Expect the continued rollout of the Affordable Care Act (ACA) and the ongoing changes in the health care landscape to dominate the minds of physicians and practices next year. That's according to The Physicians Foundation, which this week released its annual "Physician Watch List for 2014." The Foundation said it worried that the continued consolidation and regulatory requirements being applied to practices won't likely benefit health care in the long run. "While the promise of a better future for health care remains, the current path is leading us towards a more monopolistic, bureaucratic, and costly health care system," Lou Goodman, PhD, president of The Physicians Foundation and chief executive officer of the Texas Medical Association, said in a news release accompanying the 2014 list. The list, based on the Foundation's research and surveys, details five issues it expects to most affect patients and physicians in the coming 12 months.
1. Move to monopolies. The march of hospitals and large health groups gobbling up smaller practices continued in 2013 as it has for several years. The Foundation warned that as these growing entities begin to dominate their markets, they will hurt competition by driving patients away from independent physicians and toward more expensive hospital-based care. Consolidation is also affecting the insurer market, and physicians will find it harder to negotiate terms from a smaller pool of payers.
2. More bureaucracy. Physicians are already spending a significant amount of their time dealing with non-clinical paperwork – 22 percent, according to the Foundation's 2012 Biennial Physician Survey – and that will only get worse as practices must begin implementing the more documentation-intensive ICD-10 coding changes next October. They'll also need to stay on top of the next round of HIPAA changes, which focus on securing electronic transactions.
3. Navigating confusing new waters. As the ACA becomes reality next month, its implementation is confusing both to health care consumers and physicians. For instance, practices are unclear whether they'll see an ungovernable surge of new patients gaining coverage through the federal and state health insurance exchanges, despite enrollment glitches, or if they'll actually lose patients because of coverage changes. Also, they wonder if the exchanges will lead to lower reimbursement rates and how to deal with patients who may have never paid co-payments or deductibles – contributing to collection problems. A Kaiser Family Foundation study has said uninsured patients often have higher medical expenditures but fewer resources to pay for those services.
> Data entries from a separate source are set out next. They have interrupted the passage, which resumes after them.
definition conv_s :: "('g::ab_group_add filter \<Rightarrow> 'g \<Rightarrow> bool) \<Rightarrow>
    ('l::ab_group_add filter \<Rightarrow> 'l \<Rightarrow> bool) \<Rightarrow> ('g \<Rightarrow> 'l) filter \<Rightarrow> ('g \<Rightarrow> 'l) \<Rightarrow> bool" where
  "conv_s cG cL \<Phi> \<phi> \<longleftrightarrow> \<phi> \<in> Gamma cG cL \<and> \<Phi> \<le> principal (Gamma cG cL) \<and>
     (\<forall>x. cL (filtermap (\<lambda>\<psi>. \<psi> x) \<Phi>) (\<phi> x))"

definition eval_filter :: "('g \<Rightarrow> 'l) filter \<Rightarrow> 'g filter \<Rightarrow> 'l filter" where
  "eval_filter \<Phi> F = filtermap (\<lambda>(\<psi>, y). \<psi> y) (\<Phi> \<times>\<^sub>F F)"

definition conv_c :: "('g::ab_group_add filter \<Rightarrow> 'g \<Rightarrow> bool) \<Rightarrow>
    ('l::ab_group_add filter \<Rightarrow> 'l \<Rightarrow> bool) \<Rightarrow> ('g \<Rightarrow> 'l) filter \<Rightarrow> ('g \<Rightarrow> 'l) \<Rightarrow> bool" where
  "conv_c cG cL \<Phi> \<phi> \<longleftrightarrow> \<phi> \<in> Gamma cG cL \<and> \<Phi> \<le> principal (Gamma cG cL) \<and>
     (\<forall>F x. cG F x \<longrightarrow> cL (eval_filter \<Phi> F) (\<phi> x))"

definition equicontinuous :: "('g::ab_group_add filter \<Rightarrow> 'g \<Rightarrow> bool) \<Rightarrow>
    ('l::ab_group_add filter \<Rightarrow> 'l \<Rightarrow> bool) \<Rightarrow> ('g \<Rightarrow> 'l) set \<Rightarrow> bool" where
  "equicontinuous cG cL M \<longleftrightarrow> M \<subseteq> Gamma cG cL \<and>
     (\<forall>F. cG F 0 \<longrightarrow> cL (eval_filter (principal M) F) 0)"

text \<open>Gamma_c H = Gamma_c(H, T): carrier Gamma cH conv_T, convergence conv_c cH conv_T.\<close>

definition g_barrelled :: "('g::ab_group_add filter \<Rightarrow> 'g \<Rightarrow> bool) \<Rightarrow> bool" where
  "g_barrelled cG \<longleftrightarrow> (\<forall>K. conv_compact (Gamma cG conv_T) (conv_s cG conv_T) K \<longrightarrow>
                                equicontinuous cG conv_T K)"

end

theory Submission
  imports Defs
begin

(*
  Let K be compact in Gamma_s(G, Gamma_c H).  Equicontinuity of K means that K(F)
  converges continuously to 0 for every F -> 0 in G, i.e. that K(F)(\<H>) -> 0 in T
  for every convergent filter \<H> -> h in H.  Local compactness of H provides a compact
  set C in \<H>, and K(F)(\<H>) is finer than M(F) for the set
      M = {x \<mapsto> \<phi> x y : \<phi> \<in> K, y \<in> C}  \<subseteq>  Gamma(G, T)
  of "partial evaluations".  So it suffices that M be compact in Gamma_s G: then the
  g-barrelledness of G makes M equicontinuous, i.e. M(F) -> 0.
  M is the image of K \<times> C under (\<phi>, y) \<mapsto> \<phi>(.)(y), and compactness is transported
  along this map with ultrafilters: every ultrafilter on M lifts to one on K \<times> C,
  whose projections converge in K and C by compactness, and joint continuity of the
  evaluation (continuous convergence on Gamma_c H) makes the image converge pointwise.
*)

text \<open>The infimum of a nonempty chain of proper filters is proper; this is the chain
  condition needed for Zorn's lemma.\<close>
lemma Inf_chain_not_bot:
  fixes C :: "'a filter set"
  assumes "C \<noteq> {}" and chain: "\<And>F G. F \<in> C \<Longrightarrow> G \<in> C \<Longrightarrow> F \<le> G \<or> G \<le> F"
    and "bot \<notin> C"
  shows "Inf C \<noteq> bot"
proof
  assume "Inf C = bot"
  then have "eventually (\<lambda>_. False) (Inf C)" by simp
  moreover have "\<exists>H\<in>C. H \<le> inf F G" if "F \<in> C" "G \<in> C" for F G
    using chain[OF that] that by (metis inf.absorb1 inf.absorb2 order_refl)
  ultimately obtain F where "F \<in> C" "eventually (\<lambda>_. False) F"
    using eventually_Inf_base[OF \<open>C \<noteq> {}\<close>] by blast
  with \<open>bot \<notin> C\<close> show False by (simp add: eventually_False)
qed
4. Information technology shortfalls. Much of health care reform is based on a greater use of technology. While many practices have adopted electronic health records, the various systems are hamstrung by not being able to communicate with each other, preventing them from providing additional efficiency and better care. Physicians are also on the lookout for as-yet unreleased regulations governing patient record security and privacy.
5. Lack of health care solutions. Physicians believe Washington, D.C., is not properly dealing with many of the key issues facing health care, such as finding a permanent solution to the Medicare Sustainable Growth Rate, implementing tort reform, and addressing "defensive medicine." Also, this fall's government shutdown had the potential to disrupt Medicare and Medicaid payments, and future shutdowns could foster additional mistrust and make potential students rethink medical school.
While these issues are thorny and complex, the Foundation said physicians can still play an important part in finding solutions because of their daily experience providing patient care. It said physicians' involvement in these discussions is "critical" and that policymakers should focus on increasing it.